I hated my father long before I knew there was a word for hate. My mother would later claim that I refused to learn the word “Daddy” until after my first birthday. From the start he was a menacing, hovering presence, and I never felt safe for one moment that my father loomed over me. I don't think it occurred to him that loving his children might be part of his job description. He could have written a manual on the art of waging war against his wife and children. I can't remember a house I lived in as a child where he did not beat my mother or me or my brothers; nor do I believe that he would've noticed if both his daughters had run away from home. My mother raised me, the oldest child, to be the protector of her other kids, to rush them into secret hiding places we had scouted whenever we moved into a new house. We learned to hide our shame in the madness of our day-to-day lives so that the nuns and priests who ran our parishes everywhere we went considered us an exemplary Catholic family.
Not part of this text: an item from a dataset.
(* If $\Sigma\subseteq\mathcal L$ is finite and closed under subformulas, then the canonical quasimodel $\mathfrak C/\Sigma$ is a $\Sigma$-quasimodel; in particular its relation $R^+$ is $\omega$-sensible.
   Context: $\mathcal L$: formulas with $\wedge,\vee,\Rightarrow,\Leftarrow,\mathsf X,\mathsf Y,\mathsf G,\mathsf H,\mathsf U,\mathsf S$; $\top:=p_0\Rightarrow p_0$, $\bot:=p_0\Leftarrow p_0$, $\neg\varphi:=\varphi\Rightarrow\bot$. $\mathsf{GTL}$ is the Hilbert calculus: substitution instances of intuitionistic tautologies; $\varphi\Rightarrow(\psi\vee(\varphi\Leftarrow\psi))$; $(\varphi\Rightarrow\psi)\vee(\psi\Rightarrow\varphi)$; $\neg((\varphi\Leftarrow\psi)\wedge(\psi\Leftarrow\varphi))$; $\neg\mathsf X\bot$, $\mathsf X(\varphi\vee\psi)\Rightarrow(\mathsf X\varphi\vee\mathsf X\psi)$, $(\mathsf X\varphi\wedge\mathsf X\psi)\Rightarrow\mathsf X(\varphi\wedge\psi)$, $\mathsf X(\varphi\Rightarrow\psi)\Leftrightarrow(\mathsf X\varphi\Rightarrow\mathsf X\psi)$, $\mathsf G(\varphi\Rightarrow\psi)\Rightarrow(\mathsf G\varphi\Rightarrow\mathsf G\psi)$, $\mathsf G(\varphi\Rightarrow\psi)\Rightarrow(\theta\,\mathsf U\,\varphi\Rightarrow\theta\,\mathsf U\,\psi)$, $\mathsf G(\varphi\Rightarrow\psi)\Rightarrow(\varphi\,\mathsf U\,\theta\Rightarrow\psi\,\mathsf U\,\theta)$, $\mathsf G\varphi\Rightarrow\varphi\wedge\mathsf X\mathsf G\varphi$, $\psi\vee(\varphi\wedge\mathsf X(\varphi\,\mathsf U\,\psi))\Rightarrow\varphi\,\mathsf U\,\psi$, $\mathsf G(\varphi\Rightarrow\mathsf X\varphi)\Rightarrow(\varphi\Rightarrow\mathsf G\varphi)$, $\mathsf G(\psi\wedge\mathsf X\varphi\Rightarrow\varphi)\Rightarrow(\psi\,\mathsf U\,\varphi\Rightarrow\varphi)$ and their past versions (with $\mathsf Y,\mathsf H,\mathsf S$); $\varphi\Leftrightarrow\mathsf X\mathsf Y\varphi$, $\varphi\Leftrightarrow\mathsf Y\mathsf X\varphi$; rules: from $\varphi\Rightarrow\psi$ infer $(\varphi\Leftarrow\theta)\Rightarrow(\psi\Leftarrow\theta)$; from $\varphi\Rightarrow\psi\vee\gamma$ infer $(\varphi\Leftarrow\psi)\Rightarrow\gamma$; modus ponens; necessitation for $\mathsf X,\mathsf Y,\mathsf G,\mathsf H$. $\Gamma\vdash\Delta$ iff $\bigwedge\Gamma'\Rightarrow\bigvee\Delta'\in\mathsf{GTL}$ for finite $\Gamma'\subseteq\Gamma,\Delta'\subseteq\Delta$. $\Sigma$-types, $\Sigma$-labelled spaces, convex/fully confluent/bi-serial/sensible relations, $\Sigma$-labelled systems: for subformula-closed $\Sigma$, a $\Sigma$-type is $\Phi\subseteq\Sigma$ with the Boolean closure conditions for $\wedge,\vee$, ($\varphi\Rightarrow\psi\in\Phi$ implies $\varphi\notin\Phi$ or $\psi\in\Phi$; $\psi\in\Phi$ implies $\varphi\Rightarrow\psi\in\Phi$), ($\varphi\Leftarrow\psi\in\Phi$ implies $\varphi\in\Phi$; $\varphi\in\Phi,\psi\notin\Phi$ imply $\varphi\Leftarrow\psi\in\Phi$). A $\Sigma$-labelled space is $(W,\le,\ell)$ with $(W,\le)$ a disjoint union of linear posets, $\ell$ into $\Sigma$-types, $w\le v\Rightarrow\ell(w)\supseteq\ell(v)$, $\Rightarrow$-formulas outside $\ell(w)$ witnessed at some $v\le w$ ($\varphi\in\ell(v),\psi\notin\ell(v)$), $\Leftarrow$-formulas in $\ell(w)$ witnessed at some $v\ge w$. A relation $R$ is convex (images/preimages of points convex), fully confluent (forth–down: $x\le x'Ry'\Rightarrow\exists y\,xRy\le y'$; forth–up: $x'\ge xRy\Rightarrow\exists y'\,x'Ry'\ge y$; back–down: $x'Ry'\ge y\Rightarrow\exists x\,x'\ge xRy$; back–up: $xRy\le y'\Rightarrow\exists x'\,x\le x'Ry'$), bi-serial, and sensible (for each $wRv$: $\mathsf X\varphi\in\ell(w)\iff\varphi\in\ell(v)$; $\mathsf Y\varphi\in\ell(v)\iff\varphi\in\ell(w)$; $\mathsf G\varphi\in\ell(w)\iff\varphi\in\ell(w)\wedge\mathsf G\varphi\in\ell(v)$; $\mathsf H\varphi\in\ell(v)\iff\varphi\in\ell(v)\wedge\mathsf H\varphi\in\ell(w)$; $\varphi\,\mathsf U\,\psi\in\ell(w)\iff\psi\in\ell(w)\vee(\varphi\in\ell(w)\wedge\varphi\,\mathsf U\,\psi\in\ell(v))$; $\varphi\,\mathsf S\,\psi\in\ell(v)\iff\psi\in\ell(v)\vee(\varphi\in\ell(v)\wedge\varphi\,\mathsf S\,\psi\in\ell(w))$, for formulas in $\Sigma$). Labelled system: labelled space plus such a relation. $\omega$-sensible: $\mathsf G\varphi\in\Sigma\setminus\ell(w)$ gives $v$ with $wR^nv$, $\varphi\notin\ell(v)$; $\mathsf H\varphi\in\Sigma\setminus\ell(w)$ gives $v$ with $vR^nw$, $\varphi\notin\ell(v)$; $\varphi\,\mathsf U\,\psi\in\ell(w)$ gives $v$ with $wR^nv$, $\psi\in\ell(v)$; $\varphi\,\mathsf S\,\psi\in\ell(w)$ gives $v$ with $vR^nw$, $\psi\in\ell(v)$ ($n\ge0$). A $\Sigma$-quasimodel is a $\Sigma$-labelled system with $\omega$-sensible relation. Canonical quasimodel: $\mathrm{Type}_\infty$ is the set of $\mathcal L$-types $\Phi$ with $\Phi\nvdash\mathcal L\setminus\Phi$; $\Phi\le\Psi$ iff $\Phi\supseteq\Psi$; $\ell(\Phi)=\Phi\cap\Sigma$; $S(\Phi)=\{\varphi:\mathsf X\varphi\in\Phi\}$. $\mathfrak C/\Sigma$ is the quotient: $L(\Phi)=\{\ell(\Psi):\Psi\le\Phi$ or $\Phi\le\Psi\}$; $\Phi\sim\Psi$ iff $\ell$ and $L$ agree; $[\Phi]\le[\Psi]$ iff $L(\Phi)=L(\Psi)$ and $\ell(\Phi)\supseteq\ell(\Psi)$; $\ell([\Phi])=\ell(\Phi)$; $R_0$ smallest with $[\Phi]R_0[S(\Phi)]$; $XR^+Y$ iff there are $X_1\le X\le X_2$, $Y_1\le Y\le Y_2$ with $X_2R_0Y_1$ and $X_1R_0Y_2$. *)

theory Defs
  imports Main
begin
Sometimes on the long car trips we spent rotating between Southern air bases, my father would tell the romantic story of his chance encounter with Peggy Peek as she drifted out of Davison's department store on Peachtree Street. He said, “I was in Atlanta getting some extra training before they shipped me out to the Philippines. I asked a barber where I could hunt up some broads and he told me the best place was down on Peachtree, right in the middle of the city. So I hopped a bus and got off and started walking around, sort of scouting the place out. Then your mother came out of a store in a red dress, carrying some shopping bags. Man, what a package. What a figure. I mean, this was one fine-looking Southern girl. So I followed her across the street. She was walking with two other girls. They were sisters, but I didn't know that then. I started up a conversation with her. You know. Showed her some suave moves of a Chicago boy. Told her I was a pilot—getting ready to go to war. Back then, it was always a sure pickup line with the broads. But I couldn't get your mother or her sisters to even talk to me. I mean, talk about three cold fish! But they'd never met a Chicago boy, especially one as charming as me. So I kept going, ratcheting up the pressure, throwing out my best lines. I told Peg I was heading off to war, would probably be dead in a month or two, but was willing to die for my country, and wanted to live long enough to bomb Tokyo. Then I saw a bus coming up to the stop and watched in panic as your mother and her sisters got on. No air-conditioning back then, so all the windows were raised. Jesus Christ, I was starting to panic. Your mother sat by the window. So I started begging, begging, which I'm not ashamed to admit. I begged her for an address, a telephone number, the name of her father, anything. We could go dancing, to a movie, maybe make out a little bit.